Conclusion: This study highlights a critical intersection between physical undernutrition and psychosocial ailments among adolescents. Qualitative analysis revealed the deep-seated issues that often remain undetected in routine clinical settings. | | | | Keywords | | RKSK, Adolescent Health, SSHADESS, Underweight, Mental Health, India. | | | | Introduction | India has the largest adolescent population in the world, with 253 million adolescents.1 The adolescent period, spanning ages 10-19, is a transitional phase between childhood and adulthood. During this phase, adolescents require adequate nutrition and education. They are susceptible to various health problems, including anemia, undernutrition, obesity, reproductive tract infections (RTI), mental illnesses, drug abuse, injuries, unsafe sex, and unwanted pregnancies.2 Adolescents are the future of the nation, and their physical and mental well-being must be ensured for the nation's prosperity and to achieve Sustainable Development Goals 2030.3 Recognising the importance of adolescents' health, the Government of India launched a flagship program, ‘Rashtriya Kishor Swasthya Karyakram’ (RKSK), in 2014.4 The program has six strategic priorities - nutrition, sexual and reproductive health, mental health, injuries and violence (including gender-based violence), substance misuse, and non-communicable diseases.5 These services are provided under three areas: community-based, school-based, and facility-based. Facility-based services are delivered through Adolescent-Friendly Health Clinics (AFHC) housed in District Early Intervention Centres (DEIC).5 The list of services provided under AFHCs is shown in Table 1. There has been a paradigm shift in services under the RKSK program - from treatment of diseases in adolescents to prevention and counselling services for them.4 The target population for the RKSK program includes early adolescents (ages 10-14) and late adolescents (ages 15-19). The program also has a special community focus on adolescents from marginalised and vulnerable populations, such as those in urban slums, tribal areas, orphans, and juvenile homes.4
Table 1. Package of services provided under AFHC4
| Sl. No |
Service |
| 1 |
BMI screening (Height-Weight measurement), Blood Pressure (BP) checking
|
| 2 |
Haemoglobin (Hb) testing/Blood sugar |
| 3 |
RTI/STI management |
| 4 |
Antenatal Care (ANC) for pregnant adolescents |
| 5 |
Counselling on Nutrition, Puberty-related concerns, Premarital Counselling, Sexual Problems, Contraception, Abortion, RTI/STI, Substance Abuse, Learning problems, Stress, Depression, Suicidal Tendency, Violence (including GBV), Sexual Abuse, Risky Behaviour, Other Mental Health Issues, Healthy Lifestyle |
| 6 |
Management of Menstrual Problems |
| 7 |
Management of Iron Deficiency Anaemia |
| 8 |
Screening for Diabetes and Hypertension |
| 9 |
Management of common adolescent health problems |
| 10 |
HIV testing and counselling |
| 11 |
Management of physical violence and sexual abuse |
| 12 |
Linkages with de-addiction centres and referrals |
| 13 |
Treatment by specialists |
| 14 |
Referrals |
Though the RKSK program was launched in 2014, many studies have reported that their services were not fully utilised.6 There were many reasons for the underutilisation of the services. Adolescents often lack awareness of, or autonomy to access, the clinical and counselling services provided under the RKSK program. A scoping review by Bahl D et al in 2023 reported that the AFHC’s are not fully compliant with the benchmarks set by the Government of India and identified many gaps, including a lack of privacy space, a lack of information and education materials, and a judgmental attitude of caregivers.2 A study by Dara S et al in Rajasthan reported that only 28% of adolescents were aware of the AFHCs.6 A study by Triveni et al. from Andhra Pradesh found that AFHCs lack dedicated space and sufficient staff.7
Aims and objectives
This study aims to describe the prevalence and clinical profile of health conditions outlined in the RKSK program among adolescents attending an AFHC and at outreach sessions in public schools in the same district.

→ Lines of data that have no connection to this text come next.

lemma eq_transversal_if_card_Orb:
  assumes p: "0 < p" and A: "A \<subseteq> {1..p * N}" and D: "D \<subseteq> {1..N}"
    and card_Orb: "\<forall>j\<in>{1..N}. card (A \<inter> Orb p j) = (if j \<in> D then 1 else 0)"
  shows "A = transversal p (\<lambda>j. orbit_residue p (the_elem (A \<inter> Orb p j))) D"
proof -
  have point: "A \<inter> Orb p j = {orbit_point p j (orbit_residue p (the_elem (A \<inter> Orb p j)))}"
    if j: "j \<in> D" for j
  proof -
    have "card (A \<inter> Orb p j) = 1" using card_Orb j D by auto
    then obtain x where x: "A \<inter> Orb p j = {x}" by (rule card_1_singletonE)
    moreover have "1 \<le> j" using j D by auto
    moreover from this obtain r where "x = orbit_point p j r" using x Orb_eq[OF p] by blast
    ultimately show ?thesis using p by simp
  qed
  show ?thesis
  proof (intro equalityI subsetI)
    fix y assume y: "y \<in> A"
    then obtain j r where j: "j \<in> {1..N}" and yj: "y = orbit_point p j r"
      using A orbit_point_cases[OF p] by blast
    then have "y \<in> A \<inter> Orb p j" using y Orb_eq[OF p] by auto
    moreover have "finite (A \<inter> Orb p j)" by (simp add: Orb_def)
    ultimately have "j \<in> D" using card_Orb j by (metis card_0_eq empty_iff)
    then show "y \<in> transversal p (\<lambda>j. orbit_residue p (the_elem (A \<inter> Orb p j))) D"
      using point \<open>y \<in> A \<inter> Orb p j\<close> by (auto simp: transversal_def)
  next
    fix y assume "y \<in> transversal p (\<lambda>j. orbit_residue p (the_elem (A \<inter> Orb p j))) D"
    then show "y \<in> A" using point by (auto simp: transversal_def)
  qed
qed

context
  fixes p a s :: nat and \<delta> :: "nat set set"
  assumes p: "0 < p" and P: "partition_on {1..a * s} \<delta>"
begin

lemma block_subset: "D \<in> \<delta> \<Longrightarrow> D \<subseteq> {1..a * s}"
  using partition_onD1[OF P] by blast

lemma mem_transversal:
  assumes "D \<in> \<delta>" "1 \<le> j"
  shows "orbit_point p j r \<in> transversal p l D \<longleftrightarrow> j \<in> D \<and> [r = l j] (mod p)"
proof
  assume "orbit_point p j r \<in> transversal p l D"
  then obtain j' where "j' \<in> D" "orbit_point p j r = orbit_point p j' (l j')"
    by (auto simp: transversal_def)
  moreover have "1 \<le> j'" using block_subset[OF assms(1)] \<open>j' \<in> D\<close> by auto
  ultimately show "j \<in> D \<and> [r = l j] (mod p)" using assms(2) by (simp add: orbit_point_eq_iff[OF p])
next
  assume "j \<in> D \<and> [r = l j] (mod p)"
  then show "orbit_point p j r \<in> transversal p l D"
    unfolding transversal_def by (metis image_eqI orbit_point_cong)
qed

lemma transversal_subset: "D \<in> \<delta> \<Longrightarrow> transversal p l D \<subseteq> {1..p * (a * s)}"
  unfolding transversal_def by (rule image_subsetI, rule orbit_point_in[OF p]) (use block_subset in blast)

lemma orbit_rot_transversal:
  "D \<in> \<delta> \<Longrightarrow> orbit_rot p (a * s) c ` transversal p l D = transversal p (\<lambda>j. c j + l j) D"
  using block_subset by (force simp: transversal_def image_image orbit_rot_point[OF p] add.commute intro: image_cong)

lemma set_act_typed_partition:
  "set_act (orbit_rot p (a * s) c) (typed_partition p \<delta> l) = typed_partition p \<delta> (\<lambda>j. c j + l j)"
  unfolding set_act_def typed_partition_def image_image
  by (rule image_cong[OF refl]) (clarsimp simp: orbit_rot_transversal add.assoc)

lemma transversals_meet:
  assumes "D \<in> \<delta>" "D' \<in> \<delta>" "k < p" "k' < p"
    and "x \<in> transversal p (\<lambda>j. l j + k) D" "x \<in> transversal p (\<lambda>j. l j + k') D'"
  shows "D = D' \<and> k = k'"
proof -
  obtain j where j: "j \<in> D" "x = orbit_point p j (l j + k)"
    using assms(5) by (auto simp: transversal_def)
  then have "j \<in> D'" "[l j + k = l j + k'] (mod p)"
    using assms(2,6) block_subset[OF assms(1)] mem_transversal by auto
  then show ?thesis
    using assms(3,4) j(1) disjointD[OF partition_onD2[OF P] assms(1,2)]
    by (auto simp: cong_add_lcancel_nat intro: cong_less_modulus_unique_nat)
qed

lemma typed_partition_mono:
  assumes "block_shifted p \<delta> l l'"
  shows "typed_partition p \<delta> l \<subseteq> typed_partition p \<delta> l'"
proof
  fix B assume "B \<in> typed_partition p \<delta> l"
  then obtain D m where D: "D \<in> \<delta>" and "m < p" and B: "B = transversal p (\<lambda>j. l j + m) D"
    unfolding typed_partition_def by auto
  obtain k where k: "\<forall>j\<in>D. [l j = l' j + k] (mod p)" using assms D by (auto simp: block_shifted_def)
  have "B = transversal p (\<lambda>j. l' j + (k + m) mod p) D"
  proof (unfold B, intro transversal_cong)
    fix j assume "j \<in> D"
    then have "[l j + m = l' j + k + m] (mod p)" using k by (intro cong_add) auto
    also have "[l' j + k + m = l' j + (k + m) mod p] (mod p)" by (simp add: cong_def mod_add_right_eq add.assoc)
    finally show "[l j + m = l' j + (k + m) mod p] (mod p)" .
  qed
  moreover have "(k + m) mod p < p" using p by simp
  ultimately show "B \<in> typed_partition p \<delta> l'"
    using D unfolding typed_partition_def by blast
qed

lemma typed_partition_eq_iff: "typed_partition p \<delta> l = typed_partition p \<delta> l' \<longleftrightarrow> block_shifted p \<delta> l l'"
proof
  assume eq: "typed_partition p \<delta> l = typed_partition p \<delta> l'"
  show "block_shifted p \<delta> l l'" unfolding block_shifted_def
  proof
    fix D assume D: "D \<in> \<delta>"
    have "transversal p (\<lambda>j. l j + 0) D \<in> typed_partition p \<delta> l"
      using D p unfolding typed_partition_def by blast
    then have "transversal p l D \<in> typed_partition p \<delta> l'" by (simp add: eq)
    then obtain D' k where D': "D' \<in> \<delta>" and tr: "transversal p l D = transversal p (\<lambda>j. l' j + k) D'"
      unfolding typed_partition_def by auto
    have "[l j = l' j + k] (mod p)" if "j \<in> D" for j
    proof -
      have "orbit_point p j (l j) \<in> transversal p l D" using that by (simp add: transversal_def)
      then show ?thesis using tr D' block_subset[OF D] that mem_transversal by auto
    qed
    then show "\<exists>k. \<forall>j\<in>D. [l j = l' j + k] (mod p)" by blast
  qed
qed (use typed_partition_mono block_shifted_sym[OF p] in blast)

lemma typed_partition_alt:
  "typed_partition p \<delta> l = {(sigma p a s ^^ k) ` transversal p l D | D k. D \<in> \<delta> \<and> k < p}"
proof -
  have sigma_transversal: "(sigma p a s ^^ k) ` transversal p l D = transversal p (\<lambda>j. l j + k) D"
    if "D \<in> \<delta>" for D k
    using orbit_rot_transversal[OF that] by (simp add: sigma_eq[OF p] orbit_rot_funpow[OF p] add.commute)
  show ?thesis unfolding typed_partition_def
  proof (intro equalityI subsetI)
    fix B assume "B \<in> (\<lambda>(D, k). transversal p (\<lambda>j. l j + k) D) ` (\<delta> \<times> {..<p})"
    then obtain D k where "D \<in> \<delta>" "k < p" "B = transversal p (\<lambda>j. l j + k) D" by auto
    then show "B \<in> {(sigma p a s ^^ k) ` transversal p l D | D k. D \<in> \<delta> \<and> k < p}"
      using sigma_transversal by blast
  next
    fix B assume "B \<in> {(sigma p a s ^^ k) ` transversal p l D | D k. D \<in> \<delta> \<and> k < p}"
    then obtain D k where "D \<in> \<delta>" "k < p" "B = transversal p (\<lambda>j. l j + k) D"
      using sigma_transversal by blast
    then show "B \<in> (\<lambda>(D, k). transversal p (\<lambda>j. l j + k) D) ` (\<delta> \<times> {..<p})" by auto
  qed
qed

| | | | Methods | This dual-setting, mixed-method, cross-sectional study was conducted in the AFHC in a Government Medical College Hospital in Tamil Nadu, and in public schools in the same district under outreach sessions of the program. The study period in the AFHC was from January 2025 to December 2025, and in the schools, it was from November 2025 to March 2026. Assent was obtained from the adolescents. Permissions were obtained from the school education authorities before the visit. Institutional Human Ethics Committee approval was obtained.
The data collected in the facility were from the records of the adolescents who were referred from the school and community to the AFHC in the DEIC. The data collected from the records included socio-demographic details such as name, age, and gender, as well as the clinical and counselling services used by the adolescents. The clinical and counselling services provided to clients, under the program, as described in Table 1, were collected. For the outreach services in the schools, 2 urban and 2 rural higher secondary schools were selected. A team of Pediatricians, nurses, a clinical psychologist, a social worker, and a gynaecologist was formed. The data collected were in 5 categories: baseline socio-demographic data; nutritional status, including height, weight, and Body Mass Index (BMI); physical examination by a pediatrician; psychosocial risk assessment; and management of identified illnesses. Referral of adolescents to DEIC for further management was made as needed. For socio-economic status assessment, the modified BG Prasad scale was used.8 For the psychosocial risk assessment, the SSHADESS assessment tool was used.9 The SSHADESS tool is a strength-based psycho-social risk assessment tool, which is free to use and widely used, assessing risk across eight domains: Strengths, School, Home, Activities, Drugs, Emotions, Sexuality, and Safety. It has 40 questions with yes or no answers. After evaluation of the SSHADESS tool, adolescents with concerning responses in any of the domains were counselled. The counselling session was conducted as a one-to-one interview, and adequate privacy was provided to the adolescents. After the completion of the clinical and counselling services, mass health education, including family life education, was conducted with audio-visual aids separately for boys and girls. The collected data were tabulated and statistically analysed.
Statistical analysis was done using R software. The numerical data were expressed in numbers and percentages. The continuous variables were expressed in mean and standard deviation. The mean number of concerning responses in the SSHADESS tool was compared between socio-demographic factors using the chi-square test or ANOVA, and a p-value less than 0.05 was considered significant. For Qualitative Analysis, a descriptive approach was used to explore the psychosocial stressors and lived experiences of adolescents in the schools. The study utilised a Hybrid Qualitative Analysis method, combining Deductive Framework Analysis with Inductive Thematic Analysis. For Framework Indexing, data were first categorised based on the SSHADESS screening tool to provide a structured clinical profile. For thematic sub-categorisation, within these categories, an inductive process was used to identify recurring sub-themes, such as 'Economic Stressors/part-time work,' 'Parental Substance Abuse,' and 'Body Image Distress. Finally, for RKSK Mapping, the identified themes were mapped to the six priority intervention areas of the RKSK program as described earlier.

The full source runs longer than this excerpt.